* _ACTIVITY_
The answer must consist of every line from the data that holds the string "finally".

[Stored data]
::::::::::

text \<open>Forbidding cv a, cv b and ce (a, w) inside P makes the path a, P, b rainbow.\<close>

lemma avoiding_rainbow_path_via_ball:
  assumes U: "U \<subseteq> V" and a: "a \<in> V" and b: "b \<in> V" "a \<noteq> b"
    and w: "(a, w) \<in> E" "w \<noteq> b" "cv w \<notin> S" "ce (a, w) \<notin> S" "ce (a, w) \<noteq> cv b"
    and P: "ball_path U (S \<union> {cv b, cv a, ce (a, w)}) b w r P" and u: "last P = u"
    and ub: "(u, b) \<in> E" "ce (u, b) \<notin> S \<union> {cv b, cv a, ce (a, w)}"
    and r: "real r + 2 \<le> d"
  shows "avoiding_rainbow_path S d a b (a # P @ [b])"
proof -
  let ?F = "S \<union> {cv b, cv a, ce (a, w)}"
  have P_simps: "P \<noteq> []" "hd P = w" "set P \<subseteq> U" "set (path_edges P) \<subseteq> E" "length P \<le> Suc r"
    and P_rainbow: "distinct (map cv P @ map ce (path_edges P))"
    and P_exit: "ce (u, b) \<notin> path_colours P"
    using P u ub by (auto simp: ball_path_def rainbow_path_def)
  have "w \<in> V" "w \<noteq> a"
    using w edges_subset no_loop by auto
  then have "cv w \<notin> ?F"
    using w a b cv_eq_iff edge_colour_neq_target[OF w(1)] by auto
  then have disjoint: "path_colours P \<inter> ?F = {}"
    by (rule path_colours_disjoint[OF P])
  have edges: "path_edges (a # P @ [b]) = (a, w) # path_edges P @ [(u, b)]"
    using P_simps u by (simp add: path_edges_Cons path_edges_snoc)
  have "cv a \<noteq> cv b"
    using a b cv_eq_iff by auto
  then have rainbow: "rainbow_path cv ce (a # P @ [b])"
    unfolding rainbow_path_def edges
    using P_rainbow disjoint P_exit ub edge_colour_neq_source[OF w(1)] w(5)
    by (auto simp: path_colours_def)
  then have "distinct (a # P @ [b])"
    unfolding rainbow_path_def distinct_append by (metis distinct_map)
  then have "is_path V E (a # P @ [b])"
    unfolding is_path_def using P_simps U a b edges w(1) ub(1) by auto
  moreover have "real (path_length (a # P @ [b])) \<le> d"
    using P_simps r by (simp add: path_length_def)
  ultimately show ?thesis
    unfolding avoiding_rainbow_path_def edges using rainbow P_simps disjoint w(4) ub(2)
    by (auto simp: path_colours_def)
qed

end

section \<open>Shrinking to a well-connected core\<close>

locale shrinking_setting = proper_coloured_digraph V E cv ce
  for V :: "'a set" and E and cv :: "'a \<Rightarrow> 'c" and ce +
  fixes \<epsilon> :: real and k :: nat and \<delta> :: real
  assumes eps_pos: "0 < \<epsilon>" and eps_less_1: "\<epsilon> < 1" and k_pos: "1 \<le> k"
    and many_vertices: "1800 * real k / \<epsilon> ^ 4 \<le> real (card V)"
    and large_degree: "\<epsilon> * real (card V) < \<delta>"
begin

definition n :: real where
  "n = real (card V)"

text \<open>In each round U shrinks by \<theta>n, balls stop growing once they gain fewer than \<eta>n
  vertices, a vertex is clash-heavy if it has at least \<tau> clash neighbours, and the minimum
  out-degree inside U drops by at most degree_loss.\<close>

definition \<theta> :: real where
  "\<theta> = \<epsilon> / 2"

definition \<eta> :: real where
  "\<eta> = \<epsilon>\<^sup>2 / 20"

definition \<tau> :: real where
  "\<tau> = \<epsilon>\<^sup>2 * n / 20"

definition degree_loss :: real where
  "degree_loss = \<eta> * n + \<tau> + n / \<tau> + 2 * (real k + 2) + 6 / \<eta> + 3"

lemma eps_n_ge: "1800 * (real k / \<epsilon> ^ 3) \<le> \<epsilon> * n"
proof -
  have "1800 * (real k / \<epsilon> ^ 3) = \<epsilon> * (1800 * real k / \<epsilon> ^ 4)"
    using eps_pos by (simp add: field_simps power_numeral_reduce)
  also have "\<dots> \<le> \<epsilon> * n"
    using eps_pos many_vertices by (intro mult_left_mono) (auto simp: n_def)
  finally show ?thesis .
qed

lemmas eps_bounds = inverse_powers_le_k_div_cube[OF eps_pos eps_less_1 k_pos]

lemma n_pos: "0 < n"
proof -
  have "1 \<le> real k"
    using k_pos by simp
  then have "0 < \<epsilon> * n"
    using eps_n_ge eps_bounds(6) by linarith
  then show ?thesis
    using eps_pos by (simp add: zero_less_mult_iff)
qed

lemma \<theta>_pos: "0 < \<theta>" and \<eta>_pos: "0 < \<eta>" and \<tau>_pos: "0 < \<tau>"
  using eps_pos n_pos by (simp_all add: \<theta>_def \<eta>_def \<tau>_def)

lemma n_div_\<tau>: "n / \<tau> = 20 / \<epsilon>\<^sup>2"
  using eps_pos n_pos by (simp add: \<tau>_def)

lemma degree_loss_eq: "degree_loss = \<epsilon>\<^sup>2 * n / 10 + 140 / \<epsilon>\<^sup>2 + 2 * real k + 7"
  using eps_pos n_pos by (simp add: degree_loss_def \<eta>_def \<tau>_def field_simps)

lemma degree_loss_nonneg: "0 \<le> degree_loss"
  using n_pos by (simp add: degree_loss_eq)

lemma rounds_degree_loss_le:
  assumes "real j * \<theta> * n \<le> n"
  shows "real j * degree_loss + \<theta> * n + real k + 3 \<le> \<epsilon> * n"
proof -
  have "real j \<le> 2 / \<epsilon>"
    using assms n_pos eps_pos by (simp add: \<theta>_def field_simps)
  then have "real j * degree_loss \<le> 2 / \<epsilon> * degree_loss"
    using degree_loss_nonneg by (rule mult_right_mono)
  also have "\<dots> = \<epsilon> * n / 5 + 280 * (1 / \<epsilon> ^ 3) + 4 * (real k / \<epsilon>) + 14 * (1 / \<epsilon>)"
    using eps_pos by (simp add: degree_loss_eq field_simps power_numeral_reduce)
  finally show ?thesis
    using eps_n_ge eps_bounds by (simp add: \<theta>_def)
qed

lemma clash_heavy_bound_less: "n / \<tau> + 2 * real k < \<theta> * n + real k + 3"
  using eps_n_ge eps_bounds by (simp add: n_div_\<tau> \<theta>_def)

lemma radius_bound: "1 / \<eta> + 2 \<le> 1280 / \<epsilon>\<^sup>2"
  using eps_bounds(1) by (simp add: \<eta>_def)

definition clash_heavy :: "'a set \<Rightarrow> 'a \<Rightarrow> 'a set" where
  "clash_heavy U b = {u\<in>U. \<tau> \<le> real (card (clash_nbrs U b u))}"

lemma card_clash_heavy_le: "U \<subseteq> V \<Longrightarrow> real (card (clash_heavy U b)) \<le> n / \<tau>"
  using card_many_clash_nbrs_le[of U \<tau> b] \<tau>_pos
  by (simp add: clash_heavy_def n_def field_simps)

definition stalled_balls_cover :: "'a set \<Rightarrow> bool" where
  "stalled_balls_cover U \<longleftrightarrow> (\<forall>w\<in>U. \<forall>b\<in>V. \<forall>F r. finite F \<and> card F \<le> k + 2
     \<and> w \<notin> clash_heavy U b \<and> real r \<le> 1 / \<eta>
     \<and> real (card (rainbow_ball U F b w (Suc r) - rainbow_ball U F b w r)) < \<eta> * n
     \<longrightarrow> real (card (U - rainbow_ball U F b w r)) < \<theta> * n)"

text \<open>The invariant after j rounds of shrinking.\<close>

definition core :: "'a set \<Rightarrow> nat \<Rightarrow> bool" where
  "core U j \<longleftrightarrow> U \<subseteq> V \<and> U \<noteq> {}
     \<and> (\<forall>u\<in>U. \<delta> - real j * degree_loss \<le> real (card (out_nbrs u \<inter> U)))
     \<and> real (card U) + real j * \<theta> * n \<le> n"

lemma rainbow_ball_stalls:
  assumes "U \<subseteq> V" "w \<in> U"
  shows "\<exists>r. real r \<le> 1 / \<eta>
    \<and> real (card (rainbow_ball U F b w (Suc r) - rainbow_ball U F b w r)) < \<eta> * n"
proof -
  have "rainbow_ball U F b w i \<subseteq> rainbow_ball U F b w (Suc i)" for i
    by (rule rainbow_ball_mono) simp
  moreover have "rainbow_ball U F b w 0 \<noteq> {}"
    using centre_in_rainbow_ball[OF assms(2)] by blast
  ultimately obtain r where "real r \<le> 1 / \<eta>"
    and "real (card (rainbow_ball U F b w (Suc r) - rainbow_ball U F b w r)) < \<eta> * real (card U)"
    using increment_small_before_exhaustion[of U "rainbow_ball U F b w" \<eta>,
        OF finite_subset_V[OF assms(1)] rainbow_ball_subset]
      \<eta>_pos by blast
  moreover have "\<eta> * real (card U) \<le> \<eta> * n"
    using assms(1) \<eta>_pos finite_V by (simp add: n_def card_mono)
  ultimately show ?thesis
    by force
qed
definition arrow_act ::
  "('h1, 'v1) forest_algebra \<Rightarrow> ('a ctx \<Rightarrow> 'v1) \<Rightarrow> 'h2 \<Rightarrow> 'a ctx \<Rightarrow> 'h2 \<Rightarrow> 'h1 \<times> 'h2 \<Rightarrow> 'h1 \<times> 'h2" where
  "arrow_act A av h p h' x = (act A (av p) (fst x), h')"

definition locally_distributive ::
  "('h1, 'v1) forest_algebra \<Rightarrow> ('h2, 'v2) forest_algebra \<Rightarrow> ('a forest \<Rightarrow> 'h1) \<Rightarrow> ('a ctx \<Rightarrow> 'v1)
   \<Rightarrow> ('a forest \<Rightarrow> 'h2) \<Rightarrow> ('a ctx \<Rightarrow> 'v2) \<Rightarrow> bool" where
  "locally_distributive A B ah av bh bv \<longleftrightarrow>
     (\<forall>h\<in>hcar B. \<forall>x1\<in>half_arrows ah bh. \<forall>x2\<in>half_arrows ah bh. \<forall>p h'.
        snd x1 = h \<and> snd x2 = h \<and> is_arrow B bv h p h' \<longrightarrow>
        arrow_act A av h p h' (half_sum A B x1 x2) =
        half_sum A B (arrow_act A av h p h' x1) (arrow_act A av h p h' x2))"

text \<open>Division of D_{alpha,beta} by a forest algebra F. Arrows are handled through
  representatives (h,p,h'); the sets K_e depend only on the class arrow_class ... h p h'.\<close>
definition derived_divides ::
  "('h1, 'v1) forest_algebra \<Rightarrow> ('h2, 'v2) forest_algebra \<Rightarrow> ('a forest \<Rightarrow> 'h1) \<Rightarrow> ('a ctx \<Rightarrow> 'v1)
   \<Rightarrow> ('a forest \<Rightarrow> 'h2) \<Rightarrow> ('a ctx \<Rightarrow> 'v2) \<Rightarrow> ('h, 'v) forest_algebra \<Rightarrow> bool" where
  "derived_divides A B ah av bh bv F \<longleftrightarrow>
    (\<exists>(KH :: 'h1 \<times> 'h2 \<Rightarrow> 'h set) (KV :: ('h2 \<times> 'a ctx \<times> 'h2) set \<Rightarrow> 'v set).
      let cls = arrow_class ah B bh bv in
      \<comment> \<open>nonempty sets in F\<close>
      (\<forall>x\<in>half_arrows ah bh. KH x \<noteq> {} \<and> KH x \<subseteq> hcar F) \<and>
      (\<forall>h p h'. is_arrow B bv h p h' \<longrightarrow> KV (cls h p h') \<noteq> {} \<and> KV (cls h p h') \<subseteq> vcar F) \<and>
      \<comment> \<open>K_f K_e \<subseteq> K_{fe}\<close>
      (\<forall>h1 h2 h3 p q. is_arrow B bv h2 p h3 \<and> is_arrow B bv h1 q h2 \<longrightarrow>
         (\<forall>f\<in>KV (cls h2 p h3). \<forall>e\<in>KV (cls h1 q h2). vmul F f e \<in> KV (cls h1 (ccomp p q) h3))) \<and>
      \<comment> \<open>K_e K_x \<subseteq> K_{e x}\<close>
      (\<forall>x\<in>half_arrows ah bh. \<forall>p h'. is_arrow B bv (snd x) p h' \<longrightarrow>
         (\<forall>v\<in>KV (cls (snd x) p h'). \<forall>k\<in>KH x.
            act F v k \<in> KH (arrow_act A av (snd x) p h' x))) \<and>
      \<comment> \<open>K_x + K_y \<subseteq> K_{x+y}\<close>
      (\<forall>x\<in>half_arrows ah bh. \<forall>y\<in>half_arrows ah bh.
         (\<forall>k\<in>KH x. \<forall>l\<in>KH y. hadd F k l \<in> KH (half_sum A B x y))) \<and>
      \<comment> \<open>K_x + K_f \<subseteq> K_{x+f}, with x = (alpha s, beta s) and f = [h,p,h']\<close>
      (\<forall>s h p h'. is_arrow B bv h p h' \<longrightarrow>
         (\<forall>k\<in>KH (ah s, bh s). \<forall>v\<in>KV (cls h p h').
            hvadd F k v \<in> KV (cls h (cadd s p) (hadd B (bh s) h')))) \<and>
      \<comment> \<open>K_f + K_x \<subseteq> K_{f+x}\<close>
      (\<forall>s h p h'. is_arrow B bv h p h' \<longrightarrow>
         (\<forall>k\<in>KH (ah s, bh s). \<forall>v\<in>KV (cls h p h').
            vhadd F v k \<in> KV (cls h (cadd s p) (hadd B h' (bh s))))) \<and>
      \<comment> \<open>injectivity on arrows with the same source and target\<close>
      (\<forall>h p q h'. is_arrow B bv h p h' \<and> is_arrow B bv h q h' \<and> cls h p h' \<noteq> cls h q h' \<longrightarrow>
         KV (cls h p h') \<inter> KV (cls h q h') = {}) \<and>
      \<comment> \<open>injectivity on half-arrows with the same end object\<close>
      (\<forall>x\<in>half_arrows ah bh. \<forall>y\<in>half_arrows ah bh. x \<noteq> y \<and> snd x = snd y \<longrightarrow>
         KH x \<inter> KH y = {}))"
(* Let $\Sigma$ be a closed oriented surface and let $\mathcal T$ be a coherent double circuit configuration on $\Sigma$ in $\mathbb P^d$ ($d\ge 2$). Let $\mathcal T'$ be obtained from $\mathcal T$ by one of the moves (M1) (degree-two vertex removal or addition) or (M2) (urban renewal) described below, where the data are generic, so that all labels of $\mathcal T'$ are well defined (every intersection and span used below is a point, respectively a hyperplane) and $\mathcal T'$ is again a double circuit configuration in which all pairings entering the multi-ratios of its faces are nonzero. Then $\mathcal T'$ is coherent.
   Context: A tiling of a closed oriented surface $\Sigma$ is a bipartite graph $\Gamma$ (vertices colored white and black, each edge joining vertices of different colors) embedded in $\Sigma$ so that every face (connected component of $\Sigma\setminus\Gamma$) is an open disk, together with an assignment of a point of $\mathbb P^d$ to every white vertex and a hyperplane of $\mathbb P^d$ to every black vertex. Each face is a $2n$-gon whose boundary vertices alternate in color. Multi-ratio: for points $A_1,\dots,A_n$ and hyperplanes $\ell_1,\dots,\ell_n$ of $\mathbb P^d$, choose representing vectors $\mathbf A_i\in\mathbb C^{d+1}$ and covectors $\boldsymbol\ell_i$, and set $[A_1,\ell_1,\dots,A_n,\ell_n]=\frac{\boldsymbol\ell_1(\mathbf A_1)\cdots\boldsymbol\ell_n(\mathbf A_n)}{\boldsymbol\ell_1(\mathbf A_2)\cdots\boldsymbol\ell_n(\mathbf A_1)}$ (indices mod $n$; this is independent of the lifts). A face is coherent if the multi-ratio of the labels of its boundary vertices, read in clockwise order (with respect to the orientation of $\Sigma$), equals $1$; a tiling is coherent if every face is coherent. A circuit in a projective space is a linearly dependent set of points no proper subset of which is linearly dependent (e.g. two equal points; three pairwise distinct collinear points). Hyperplanes are regarded as points of the dual projective space. A tiling is a double circuit configuration if for every vertex, the labels of its neighbors form a circuit. Moves. (M1) Degree-two vertex removal: if a white vertex labeled $A$ has degree 2 with distinct black neighbors $u,u'$ (which, by the circuit condition, carry the same hyperplane $\ell$), delete this white vertex and its two edges and merge $u,u'$ into one black vertex labeled $\ell$ adjacent to all former neighbors of $u$ and $u'$. The same with colors (points/hyperplanes) interchanged. Degree-two vertex addition is the inverse operation. (M2) Urban renewal: suppose there is a quadrilateral face with boundary vertices, in cyclic order, $A$ (white), $c$ (black), $B$ (white), $d$ (black), where $A$'s other black neighbors are labeled $a_1,\dots,a_m$, $c$'s other white neighbors $C_1,\dots,C_k$, $B$'s other black neighbors $b_1,\dots,b_n$, $d$'s other white neighbors $D_1,\dots,D_l$. Delete the four edges $Ac,cB,Bd,dA$; insert new vertices $g$ (black), $E$ (white), $h$ (black), $F$ (white) forming a new quadrilateral face with cycle $g,E,h,F$, and add edges $A g$, $c E$, $B h$, $d F$ (so the square face is replaced by an inner square and four surrounding quadrilateral faces). The new labels are $E=\langle A,B\rangle\cap\langle C_1,\dots,C_k\rangle$, $F=\langle A,B\rangle\cap\langle D_1,\dots,D_l\rangle$, $g=\langle c\cap d,\ a_1\cap\dots\cap a_m\rangle$, $h=\langle c\cap d,\ b_1\cap\dots\cap b_n\rangle$, where $\langle\cdot\rangle$ denotes span; all other labels are unchanged. *)

theory Defs
  imports "HOL-Analysis.Analysis"
begin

::::::::::

* _EXPECTED ANSWER_
  finally show ?thesis .
  finally show ?thesis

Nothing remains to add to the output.